The complete application of SAM consists of an image encoder model (encoder) and a mask decoder (mask decoder) + prompt encoding model (prompt encoder), both of which can be parsed into independent static models. Most of the computing power load and inference delay are concentrated in the image encoder task, so if the execution efficiency of the image encoder is further improved, it becomes one of the main optimization directions for SAM applications.

Figure: SAM model task pipeline

This sharing lecture focuses on demonstrating how to use the NNCF model compression tool of OpenVINO ™ to realize the quantization and compression of the SAM encoder part to achieve performance improvement on the CPU side.

2. Quantitative introduction

Before officially starting the actual combat, we have to mention the concept of quantization.
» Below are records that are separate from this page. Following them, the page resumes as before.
lemma concave_G_clip: "concave_on UNIV (G_clip P C)"
proof (rule concave_on_linorderI)
  fix l x y :: real assume l: "0 < l" "l < 1"
  have pointwise: "(1 - l) * min t (C * x) + l * min t (C * y) \<le> min t (C * ((1 - l) * x + l * y))" for t
  proof -
    have "(1 - l) * min t (C * x) + l * min t (C * y) \<le> (1 - l) * t + l * t"
      "(1 - l) * min t (C * x) + l * min t (C * y) \<le> (1 - l) * (C * x) + l * (C * y)"
      using l by (intro add_mono mult_left_mono; simp)+
    then show ?thesis by (simp add: algebra_simps)
  qed
  have "(1 - l) * (\<integral>t. min t (C * x) \<partial>P) + l * (\<integral>t. min t (C * y) \<partial>P)
      \<le> (\<integral>t. min t (C * ((1 - l) * x + l * y)) \<partial>P)"
  proof -
    have "(1 - l) * (\<integral>t. min t (C * x) \<partial>P) + l * (\<integral>t. min t (C * y) \<partial>P)
        = (\<integral>t. (1 - l) * min t (C * x) + l * min t (C * y) \<partial>P)"
      by (simp add: integrable_min_const)
    also have "\<dots> \<le> (\<integral>t. min t (C * ((1 - l) * x + l * y)) \<partial>P)"
      by (intro integral_mono[OF _ _ pointwise]) (auto intro!: integrable_min_const)
    finally show ?thesis .
  qed
  then show "(1 - l) * G_clip P C x + l * G_clip P C y \<le> G_clip P C ((1 - l) *\<^sub>R x + l *\<^sub>R y)"
    by (simp add: G_clip_def algebra_simps)
qed simp

lemma continuous_G_clip: "continuous_on UNIV (G_clip P C)"
proof -
  have "continuous_on UNIV (\<lambda>\<mu>. - G_clip P C \<mu>)"
    using concave_G_clip by (intro convex_on_continuous) (auto simp: concave_on_def)
  then show ?thesis
    using continuous_on_minus by fastforce
qed
lemma hurwitz_neg_saddle_point_mat:
  fixes A B :: "real mat"
  assumes A: "A \<in> carrier_mat N N" and B: "B \<in> carrier_mat N K"
    and psd: "\<And>x. x \<in> carrier_vec N \<Longrightarrow> 0 \<le> x \<bullet> (A *\<^sub>v x)"
    and definite: "\<And>x. x \<in> carrier_vec N \<Longrightarrow> x \<bullet> (A *\<^sub>v x) = 0 \<Longrightarrow> x = 0\<^sub>v N"
    and ker: "\<And>y. y \<in> carrier_vec K \<Longrightarrow> B *\<^sub>v y = 0\<^sub>v N \<Longrightarrow> y = 0\<^sub>v K"
  shows "hurwitz (- four_block_mat A B (- transpose_mat B) (0\<^sub>m K K))"
  unfolding hurwitz_def
proof (intro allI impI)
  define F where "F = four_block_mat A B (- transpose_mat B) (0\<^sub>m K K)"
  have F: "F \<in> carrier_mat (N + K) (N + K)" and negF_carrier: "- F \<in> carrier_mat (N + K) (N + K)"
    using A B by (simp_all add: F_def)
  have negF: "- F *\<^sub>v z = - (F *\<^sub>v z)" "z \<bullet> (- F *\<^sub>v z) = - (z \<bullet> (F *\<^sub>v z))"
    if "z \<in> carrier_vec (N + K)" for z
    using that F by (simp_all add: scalar_prod_uminus_right)
  fix k assume "eigenvalue (map_mat complex_of_real (- F)) k"
  then obtain v where ev: "eigenvector (map_mat complex_of_real (- F)) v k"
    unfolding eigenvalue_def by blast
  then have v: "v \<in> carrier_vec (N + K)" and v0: "v \<noteq> 0\<^sub>v (N + K)"
    using F unfolding eigenvector_def by auto
  define a where "a = map_vec Re v"
  define b where "b = map_vec Im v"
  have a: "a \<in> carrier_vec (N + K)" and b: "b \<in> carrier_vec (N + K)"
    using v by (auto simp: a_def b_def)
  show "Re k < 0"
  proof (rule ccontr)
    assume "\<not> Re k < 0"
    have "- (vec_first a N \<bullet> (A *\<^sub>v vec_first a N)) - vec_first b N \<bullet> (A *\<^sub>v vec_first b N)
        = Re k * (a \<bullet> a + b \<bullet> b)"
      using eigenvector_of_real_mat_quad_form[OF negF_carrier ev] negF(2)[OF a] negF(2)[OF b]
        four_block_skew_quad_form[OF A B a] four_block_skew_quad_form[OF A B b]
      by (simp add: F_def a_def b_def)
    moreover have "0 \<le> Re k * (a \<bullet> a + b \<bullet> b)"
      using \<open>\<not> Re k < 0\<close> by (simp add: scalar_prod_self_nonneg)
    ultimately have "vec_first a N \<bullet> (A *\<^sub>v vec_first a N) + vec_first b N \<bullet> (A *\<^sub>v vec_first b N) \<le> 0"
      by linarith
    with psd[of "vec_first a N"] psd[of "vec_first b N"]
    have a1: "vec_first a N = 0\<^sub>v N" and b1: "vec_first b N = 0\<^sub>v N"
      by (auto intro!: definite)
    then have "a $ i = 0" and "b $ i = 0" if "i < N" for i
      using that by (metis index_zero_vec(1) vec_first_def index_vec)+
    moreover have "F *\<^sub>v a = - (Re k \<cdot>\<^sub>v a - Im k \<cdot>\<^sub>v b)" and "F *\<^sub>v b = - (Re k \<cdot>\<^sub>v b + Im k \<cdot>\<^sub>v a)"
      using eigenvector_of_real_mat_Re_Im[OF negF_carrier ev] negF(1)[OF a] negF(1)[OF b]
      by (simp_all add: a_def b_def)
    ultimately have "(F *\<^sub>v a) $ i = 0" and "(F *\<^sub>v b) $ i = 0" if "i < N" for i
      using that a b by simp_all
    then have "a = 0\<^sub>v (N + K)" and "b = 0\<^sub>v (N + K)"
      using saddle_point_mat_kernel[OF A B ker] a b a1 b1 unfolding F_def by blast+
    with v v0 show False
      unfolding a_def b_def by (metis complex_vec_eq_0_if_Re_Im_eq_0)
  qed
qed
Quantization refers to mapping the expression range of model parameters from FP32 to INT8 or INT4 range without changing the model structure , and using a smaller numerical bit width. Represent the same information to realize the compression of the model volume and reduce memory consumption . At the same time, during the execution of the model network, the system will automatically call the instruction set or kernel function optimized for low-bit data on the hardware platform to improve performance.

Figure: Representation bit width of different precision data

The Intel AVX512 VNNI extended instruction set realizes the compression of the INT8 matrix point multiplication and addition operations that originally required 3 clock cycles to one clock cycle , and in the latest AMX instruction set, multiple VNNI modules are stacked to achieve a single Double the performance improvement within the cycle.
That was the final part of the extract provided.